When I heard that I laughed because it resonated with how I was brought up. Every time I got a grade below 95, the next question my parents would ask was, “what happened?”. Throughout the years I was in school, I was conditioned to always strive for a 100, if not close to it. Each time I got a lesser grade, my mother would lift one of her eyebrows and ask, “what happened?”. It was not enough that I got a 95 or that I got the highest grade, I didn’t get 100.

According to my parents, unless I got a 100 on any test or quiz, I didn’t do my best. It may be the Asian mentality of striving for excellence because anything short of that could only lead to unhappiness. My Mom believed that if you always came out number one, there was a nothing you couldn’t do or be. Excellence meant prosperity and financial stability in the future, but it didn’t mesh with reality.

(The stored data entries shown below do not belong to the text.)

definition invertible_upto :: "'a::ring_1 \<Rightarrow> 'a \<Rightarrow> 'a \<Rightarrow> bool" where
  "invertible_upto a p q \<longleftrightarrow> (\<exists>b. b = (1 - p) * b * (1 - q) \<and>
      (1 - q) * a * (1 - p) * b = 1 - q \<and> b * (1 - q) * a * (1 - p) = 1 - p)"

definition directed_set :: "'i set \<Rightarrow> ('i \<Rightarrow> 'i \<Rightarrow> bool) \<Rightarrow> bool" where
  "directed_set I le \<longleftrightarrow> I \<noteq> {} \<and> (\<forall>i\<in>I. le i i) \<and>
     (\<forall>i\<in>I. \<forall>j\<in>I. \<forall>k\<in>I. le i j \<longrightarrow> le j k \<longrightarrow> le i k) \<and>
     (\<forall>i\<in>I. \<forall>j\<in>I. \<exists>k\<in>I. le i k \<and> le j k)"

definition approx_unit_proj ::
  "('a::real_normed_algebra \<Rightarrow> 'a) \<Rightarrow> 'a set \<Rightarrow> 'i set \<Rightarrow> ('i \<Rightarrow> 'i \<Rightarrow> bool) \<Rightarrow> ('i \<Rightarrow> 'a) \<Rightarrow> bool" where
  "approx_unit_proj star F I le P \<longleftrightarrow>
     (\<forall>\<alpha>\<in>I. P \<alpha> \<in> F \<and> is_proj star (P \<alpha>)) \<and>
     (\<forall>f\<in>F. \<forall>\<epsilon>>0. \<exists>\<alpha>0\<in>I. \<forall>\<alpha>\<in>I. le \<alpha>0 \<alpha> \<longrightarrow>
         norm (f - P \<alpha> * f) < \<epsilon> \<and> norm (f - f * P \<alpha>) < \<epsilon>)"

definition sa_ideal :: "('a::ring \<Rightarrow> 'a) \<Rightarrow> (complex \<Rightarrow> 'a \<Rightarrow> 'a) \<Rightarrow> 'a set \<Rightarrow> bool" where
  "sa_ideal star cscale F \<longleftrightarrow> 0 \<in> F \<and>
     (\<forall>x\<in>F. \<forall>y\<in>F. x + y \<in> F) \<and>
     (\<forall>c. \<forall>x\<in>F. cscale c x \<in> F) \<and>
     (\<forall>x\<in>F. \<forall>a. a * x \<in> F \<and> x * a \<in> F) \<and>
     (\<forall>x\<in>F. star x \<in> F)"

definition finite_type_algebra ::
  "('a::{real_normed_algebra_1} \<Rightarrow> 'a) \<Rightarrow> (complex \<Rightarrow> 'a \<Rightarrow> 'a) \<Rightarrow> 'a set \<Rightarrow> bool" where
  "finite_type_algebra star cscale F \<longleftrightarrow>
     sa_ideal star cscale F \<and>
     (\<exists>(I::'a set set) le P. directed_set I le \<and> approx_unit_proj star F I le P) \<and>
     (\<forall>p\<in>F. \<forall>q\<in>F. is_proj star p \<longrightarrow> is_proj star q \<longrightarrow>
        (\<exists>v. v * star v = q \<and> star v * v * p = 0))"

end

theory Submission
  imports Defs "HOL-Computational_Algebra.Formal_Power_Series"
begin

text \<open>For each \<alpha>, positivity of P \<alpha> - p forces p \<le> P \<alpha>, so e = P \<alpha> - p is a projection under
  1 - p, and x = a e is bounded below on e because b x = e for the inverse b of a up to (p, q).
  The range projection r = x (x* x)\<inverse> x* of x (inverse taken in the corner e A e) is then
  equivalent to e and, since q a (1 - p) = 0, orthogonal to q. The projection Q \<alpha> = q + r works:
  (1 - P \<alpha>) b (1 - Q \<alpha>) inverts a up to (P \<alpha>, Q \<alpha>), and
  \<parallel>(1 - Q \<alpha>) f\<parallel> \<le> \<parallel>(1 - q) a (1 - p)\<parallel> \<parallel>(1 - P \<alpha>) b f\<parallel>, so Q inherits the approximate-unit
  property from P. Since positivity is defined spectrally, this needs the basic C*-algebra facts:
  the norm of a self-adjoint element equals its spectral radius (by Rickart's elementary argument),
  positive elements have positive square roots, and z* z is positive.\<close>

context unital_cstar_algebra
begin

declare cscale_one [simp]

lemma cscale_zero_left [simp]: "cscale 0 x = 0"
  using cscale_of_real[of 0 x] by simp

lemma cscale_zero_right [simp]: "cscale c 0 = 0"
  using cscale_add_right[of c 0 0] by simp

lemma cscale_minus_left: "cscale (- c) x = - cscale c x"
  using cscale_add_left[of c "-c" x] by (simp add: eq_neg_iff_add_eq_0 add.commute)

lemma cscale_minus_right: "cscale c (- x) = - cscale c x"
  using cscale_add_right[of c x "-x"] by (simp add: eq_neg_iff_add_eq_0 add.commute)

lemma cscale_diff_left: "cscale (c - d) x = cscale c x - cscale d x"
  using cscale_add_left[of c "-d" x] by (simp add: cscale_minus_left)

lemma cscale_diff_right: "cscale c (x - y) = cscale c x - cscale c y"
  using cscale_add_right[of c x "-y"] by (simp add: cscale_minus_right)

lemma scaleR_eq_cscale: "scaleR r x = cscale (complex_of_real r) x"
  by (simp add: cscale_of_real)

lemma cscale_mult: "cscale c x * cscale d y = cscale (c * d) (x * y)"
  by (metis cscale_assoc cscale_mult_left cscale_mult_right mult.commute)

lemma cscale_one_mult: "cscale c 1 * x = cscale c x"
  by (metis cscale_mult_left mult_1_left)

lemma mult_cscale_one: "x * cscale c 1 = cscale c x"
  by (metis cscale_mult_right mult_1_right)

lemma cscale_sum_left: "cscale (sum f A) x = (\<Sum>k\<in>A. cscale (f k) x)"
  by (induct A rule: infinite_finite_induct) (auto simp: cscale_add_left)

lemma cscale_power: "(cscale c x) ^ n = cscale (c ^ n) (x ^ n)"
  by (induct n) (auto simp: cscale_one cscale_mult)

lemma cscale_of_nat_one: "cscale (of_nat n) 1 = (of_nat n :: 'a)"
  using cscale_of_real[of "real n" 1] by (simp add: of_real_def[symmetric])

lemma star_zero [simp]: "star 0 = 0"
  using star_add[of 0 0] by simp

lemma star_one [simp]: "star 1 = 1"
  using star_mult[of "star 1" 1] by (simp add: star_star)

lemma star_minus: "star (- x) = - star x"
  using star_add[of x "-x"] by (simp add: eq_neg_iff_add_eq_0 add.commute)

lemma star_diff: "star (x - y) = star x - star y"
  using star_add[of x "-y"] by (simp add: star_minus)

lemma star_scaleR: "star (scaleR r x) = scaleR r (star x)"
  by (simp add: scaleR_eq_cscale star_cscale)

lemma star_power: "star (x ^ n) = (star x) ^ n"
  by (induct n) (auto simp: star_mult power_commutes)

lemma norm_star [simp]: "norm (star x) = norm x"
proof -
  have le: "norm y \<le> norm (star y)" for y
  proof (cases "y = 0")
    case False
    have "(norm y)\<^sup>2 = norm (star y * y)" by (simp add: cstar_identity)
    also have "\<dots> \<le> norm (star y) * norm y" by (rule norm_mult_ineq)
    finally show ?thesis using False by (simp add: power2_eq_square)
  qed simp
  show ?thesis using le[of x] le[of "star x"] by (simp add: star_star)
qed

lemma bounded_linear_star: "bounded_linear star"
  by (rule bounded_linear_intro[where K=1]) (auto simp: star_add star_scaleR)

lemma star_suminf: "summable f \<Longrightarrow> star (suminf f) = (\<Sum>n. star (f n))"
  by (rule bounded_linear.suminf[OF bounded_linear_star])

lemma norm_mult_self_selfadjoint: "star x = x \<Longrightarrow> norm (x * x) = (norm x)\<^sup>2"
  using cstar_identity[of x] by simp

lemma norm_proj_le_one:
  assumes "is_proj star p" shows "norm p \<le> 1"
proof -
  have "(norm p)\<^sup>2 = norm p" using cstar_identity[of p] assms by (simp add: is_proj_def)
  then show ?thesis by (auto simp: power2_eq_square)
qed

end

definition inverse_el :: "'a::ring_1 \<Rightarrow> 'a" where
  "inverse_el x = (SOME y. x * y = 1 \<and> y * x = 1)"

lemma invertible_elI: "x * y = 1 \<Longrightarrow> y * x = 1 \<Longrightarrow> invertible_el x"
  unfolding invertible_el_def by blast

lemma inverse_el_cancel:
  assumes "invertible_el x" shows "x * inverse_el x = 1" "inverse_el x * x = 1"
  using someI_ex[OF assms[unfolded invertible_el_def]] unfolding inverse_el_def by auto

lemma inverse_el_unique:
  fixes x :: "'a::ring_1"
  assumes "x * y = 1" "y * x = 1" shows "inverse_el x = y"
proof -
  have x: "invertible_el x" using assms by (rule invertible_elI)
  have "inverse_el x = (y * x) * inverse_el x" using assms(2) by simp
  also have "\<dots> = y" using inverse_el_cancel(1)[OF x] by (simp add: mult.assoc)
  finally show ?thesis .
qed

lemma invertible_inverse_el: "invertible_el x \<Longrightarrow> invertible_el (inverse_el x)"
  by (metis inverse_el_cancel invertible_elI)

lemma inverse_el_inverse_el: "invertible_el x \<Longrightarrow> inverse_el (inverse_el x) = x"
  by (metis inverse_el_cancel inverse_el_unique)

Flash forward to the present and when my daughter came home to tell me that she had received an 92 on her quiz, I gave her the same look my mother gave me and said, “what happened?”. It didn’t dawn on me until I saw Shaina’s crestfallen face that I had done the same thing my mother used to do with me, belittle her accomplishment. All my daughter wanted was to share her accomplishment and with two words, I ruined the moment for her.

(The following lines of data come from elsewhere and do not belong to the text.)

lemma cmod_fourier_le:
  "f \<in> borel_measurable borel \<Longrightarrow> cmod (fourier f \<xi>) \<le> (\<integral>x. cmod (f x) \<partial>lborel)"
  by (simp add: fourier_eq_inv_fourier_image cmod_inv_fourier_image_le)

lemma plancherel_le:
  fixes f :: "real ^ 'n \<Rightarrow> complex"
  assumes [measurable]: "f \<in> borel_measurable borel" and "integrable lborel f"
  shows "(\<integral>\<^sup>+\<xi>. ennreal ((cmod (fourier f \<xi>))\<^sup>2) \<partial>lborel) \<le> (\<integral>\<^sup>+x. ennreal ((cmod (f x))\<^sup>2) \<partial>lborel)"
proof -
  have "(\<integral>\<^sup>+\<xi>. ennreal ((cmod (inv_fourier_image lborel uminus (\<lambda>x. f x * 1) \<xi>))\<^sup>2) \<partial>lborel)
      \<le> 1 * (\<integral>\<^sup>+x. ennreal ((cmod (f x))\<^sup>2) \<partial>lborel)"
  proof (rule nn_integral_cmod_sq_inv_fourier_image_le)
    fix e :: real and a :: "real ^ 'n" assume "e > 0"
    then show "(\<integral>\<^sup>+b. ennreal ((cmod 1)\<^sup>2 * gaussian_kernel_vec e (- a - - b)) \<partial>lborel) \<le> 1"
      using nn_integral_gaussian_kernel_vec_diff[of e a] by (simp add: gaussian_kernel_vec_commute)
  qed (use assms in \<open>simp_all add: lborel.sigma_finite_measure_axioms\<close>)
  then show ?thesis
    by (simp add: fourier_eq_inv_fourier_image)
qed

lemma integrable_prod_inverse_1_plus_square:
  "integrable lborel (\<lambda>x :: real ^ 'n. \<Prod>k\<in>UNIV. inverse (1 + (x $ k)\<^sup>2))"
proof (rule integrableI_nonneg)
  have "integrable lborel (\<lambda>t :: real. inverse (1 + t\<^sup>2))"
    using integrable_inverse_1_plus_square by (simp add: set_integrable_def einterval_def)
  then have "(\<integral>\<^sup>+t. ennreal (inverse (1 + t\<^sup>2)) \<partial>lborel) < \<infinity>"
    by (simp add: integrable_iff_bounded)
  moreover have "(\<integral>\<^sup>+x. ennreal (\<Prod>k\<in>UNIV. inverse (1 + ((x :: real ^ 'n) $ k)\<^sup>2)) \<partial>lborel)
      = (\<Prod>k\<in>(UNIV :: 'n set). \<integral>\<^sup>+t. ennreal (inverse (1 + t\<^sup>2)) \<partial>lborel)"
    using nn_integral_lborel_vec_prod[where f="\<lambda>(_::'n) (t::real). ennreal (inverse (1 + t\<^sup>2))"]
    by (simp add: prod_ennreal)
  ultimately show "(\<integral>\<^sup>+x. ennreal (\<Prod>k\<in>UNIV. inverse (1 + ((x :: real ^ 'n) $ k)\<^sup>2)) \<partial>lborel) < \<infinity>"
    by (simp add: power_less_top_ennreal)
qed (auto intro!: AE_I2 prod_nonneg)

lemma prod_1_plus_square_le:
  "(\<Prod>k\<in>UNIV. 1 + (x $ k)\<^sup>2) \<le> (1 + norm x) ^ (2 * CARD('n))" for x :: "real ^ 'n"
proof -
  have "1 + (x $ k)\<^sup>2 \<le> (1 + norm x)\<^sup>2" for k
    using component_le_norm_cart[of x k] abs_le_square_iff[of "x $ k" "norm x"]
    by (simp add: power2_eq_square algebra_simps)
  then have "(\<Prod>k\<in>UNIV. 1 + (x $ k)\<^sup>2) \<le> (\<Prod>k\<in>(UNIV :: 'n set). (1 + norm x)\<^sup>2)"
    by (intro prod_mono) (simp add: add_nonneg_nonneg)
  then show ?thesis
    by (simp add: power_mult)
qed

lemma schwartz_continuous: "schwartz f \<Longrightarrow> continuous_on UNIV f"
  unfolding schwartz_def
  by (metis continuous_at_imp_continuous_on differentiable_imp_continuous_within partials.simps(1))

There was no excuse for my response and saying that it had been my mother channeling her standards on me was not entirely true nor fair to her. I am familiar with so many families who push their kids to be the best, especially within my family. Having a sister who is a dietician and another sister who is a nuclear physicist, I felt the pressure to be as successful as them. While I didn’t become a doctor or lawyer, I did pretty well for someone who followed her dream of becoming a writer, even if it meant not being as financially successful as my siblings.

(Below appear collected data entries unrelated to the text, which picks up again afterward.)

lemma large_set_of_sensitive_edges:
  assumes S: "finite S" "S \<noteq> {}"
    and unbalanced: "2 * card {T\<in>Pow S. F T = even (card S - card T)} \<noteq> 2 ^ card S"
  obtains H where "H \<subseteq> Pow S" "card H > 2 ^ (card S - 1)"
    "\<forall>T\<in>H. \<forall>i\<in>S. flip T i \<in> H \<longrightarrow> F T \<noteq> F (flip T i)"
proof -
  define P where "P b = {T\<in>Pow S. F T = (even (card S - card T) = b)}" for b
  txt \<open>Along an edge the parity of \<open>card T\<close> changes, so within either class \<open>P b\<close> so does \<open>F\<close>.\<close>
  have sensitive: "F T \<noteq> F (flip T i)" if "T \<in> P b" "i \<in> S" "flip T i \<in> P b" for T i b
    using that even_card_Diff_flip[OF S(1) _ \<open>i \<in> S\<close>, of T] unfolding P_def by auto
  have "P False = Pow S - P True" "P True \<subseteq> Pow S" unfolding P_def by auto
  then have "card (P True) + card (P False) = 2 ^ card S"
    using S(1) card_mono[of "Pow S" "P True"] by (simp add: card_Diff_subset finite_subset card_Pow)
  moreover have "(2::nat) ^ card S = 2 * 2 ^ (card S - 1)"
    using S by (metis card_gt_0_iff Suc_diff_1 power_Suc)
  moreover have "2 * card (P True) \<noteq> 2 ^ card S" using unbalanced unfolding P_def by simp
  ultimately have "card (P True) > 2 ^ (card S - 1) \<or> card (P False) > 2 ^ (card S - 1)" by arith
  then obtain b where "card (P b) > 2 ^ (card S - 1)" by blast
  moreover have "P b \<subseteq> Pow S" unfolding P_def by auto
  ultimately show ?thesis using that sensitive by blast
qed

section \<open>Test vectors for the spectral sensitivity\<close>

lemma bdd_above_spec_sens:
  "bdd_above {sqrt (\<Sum>x\<in>cube n. (\<Sum>y\<in>cube n. sens_adj n f x y * v y)\<^sup>2) | v.
                 (\<Sum>y\<in>cube n. (v y)\<^sup>2) = 1}"
proof (rule bdd_aboveI, clarify)
  fix v :: "(nat \<Rightarrow> bool) \<Rightarrow> real" assume v: "(\<Sum>y\<in>cube n. (v y)\<^sup>2) = 1"
  define N where "N = real (card (cube n))"
  have entry_le: "\<bar>sens_adj n f x y * v y\<bar> \<le> 1" if "y \<in> cube n" for x y
  proof -
    have "(v y)\<^sup>2 \<le> 1" using member_le_sum[of y "cube n" "\<lambda>y. (v y)\<^sup>2"] that finite_cube v by simp
    then show ?thesis unfolding sens_adj_def by (auto simp: abs_mult abs_square_le_1)
  qed
  have "\<bar>\<Sum>y\<in>cube n. sens_adj n f x y * v y\<bar> \<le> N" for x
  proof -
    have "\<bar>\<Sum>y\<in>cube n. sens_adj n f x y * v y\<bar> \<le> (\<Sum>y\<in>cube n. \<bar>sens_adj n f x y * v y\<bar>)"
      by (rule sum_abs)
    also have "\<dots> \<le> (\<Sum>y\<in>cube n. 1)" by (rule sum_mono) (rule entry_le)
    finally show ?thesis unfolding N_def by simp
  qed
  then have "(\<Sum>y\<in>cube n. sens_adj n f x y * v y)\<^sup>2 \<le> N\<^sup>2" for x
    by (metis abs_ge_zero power2_abs power_mono)
  then have "(\<Sum>x\<in>cube n. (\<Sum>y\<in>cube n. sens_adj n f x y * v y)\<^sup>2) \<le> (\<Sum>x\<in>cube n. N\<^sup>2)"
    by (rule sum_mono)
  then show "sqrt (\<Sum>x\<in>cube n. (\<Sum>y\<in>cube n. sens_adj n f x y * v y)\<^sup>2) \<le> sqrt (N * N\<^sup>2)"
    unfolding N_def by simp
qed

lemma norm_sens_adj_le_spec_sens:
  assumes "(\<Sum>y\<in>cube n. (u y)\<^sup>2) = 1"
  shows "sqrt (\<Sum>x\<in>cube n. (\<Sum>y\<in>cube n. sens_adj n f x y * u y)\<^sup>2) \<le> spec_sens n f"
  unfolding spec_sens_def by (rule cSup_upper[OF _ bdd_above_spec_sens]) (use assms in blast)

lemma sens_adj_flip:
  assumes "T \<subseteq> {..<n}" "i < n" "f (\<lambda>j. j \<in> T) \<noteq> f (\<lambda>j. j \<in> flip T i)"
  shows "sens_adj n f (\<lambda>j. j \<in> T) (\<lambda>j. j \<in> flip T i) = 1"
proof -
  have "{j. (j \<in> T) \<noteq> (j \<in> flip T i)} = {i}" unfolding flip_def by auto
  moreover have "(\<lambda>j. j \<in> T) \<in> cube n" "(\<lambda>j. j \<in> flip T i) \<in> cube n"
    using assms(1,2) flip_subset[OF assms(1), of i] by (auto intro!: set_pred_in_cube)
  ultimately show ?thesis unfolding sens_adj_def using assms(3) by simp
qed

Recently, when we got together with the family, Shaina witnessed how each one of us still had that Tiger Mom mentality, to some degree. Our children do get pushed to strive for excellence, but they also have lives outside of school. At this get together, Shaina understood how my sisters and I had differing levels of being a Tiger Mom. I don’t call myself one, but the cultural and familial expectations sometimes do get the best of us. I don’t believe that I’m a Tiger Mom, but I will concede that I want my daughter to strive for excellence, but on her terms, not mine. I can’t say that I won’t slip into the “Asian F” mentality now and then, but at least I know that it’s not a permanent condition, just old tapes that need to be worn down by common sense. That’s my take on this, what’s yours?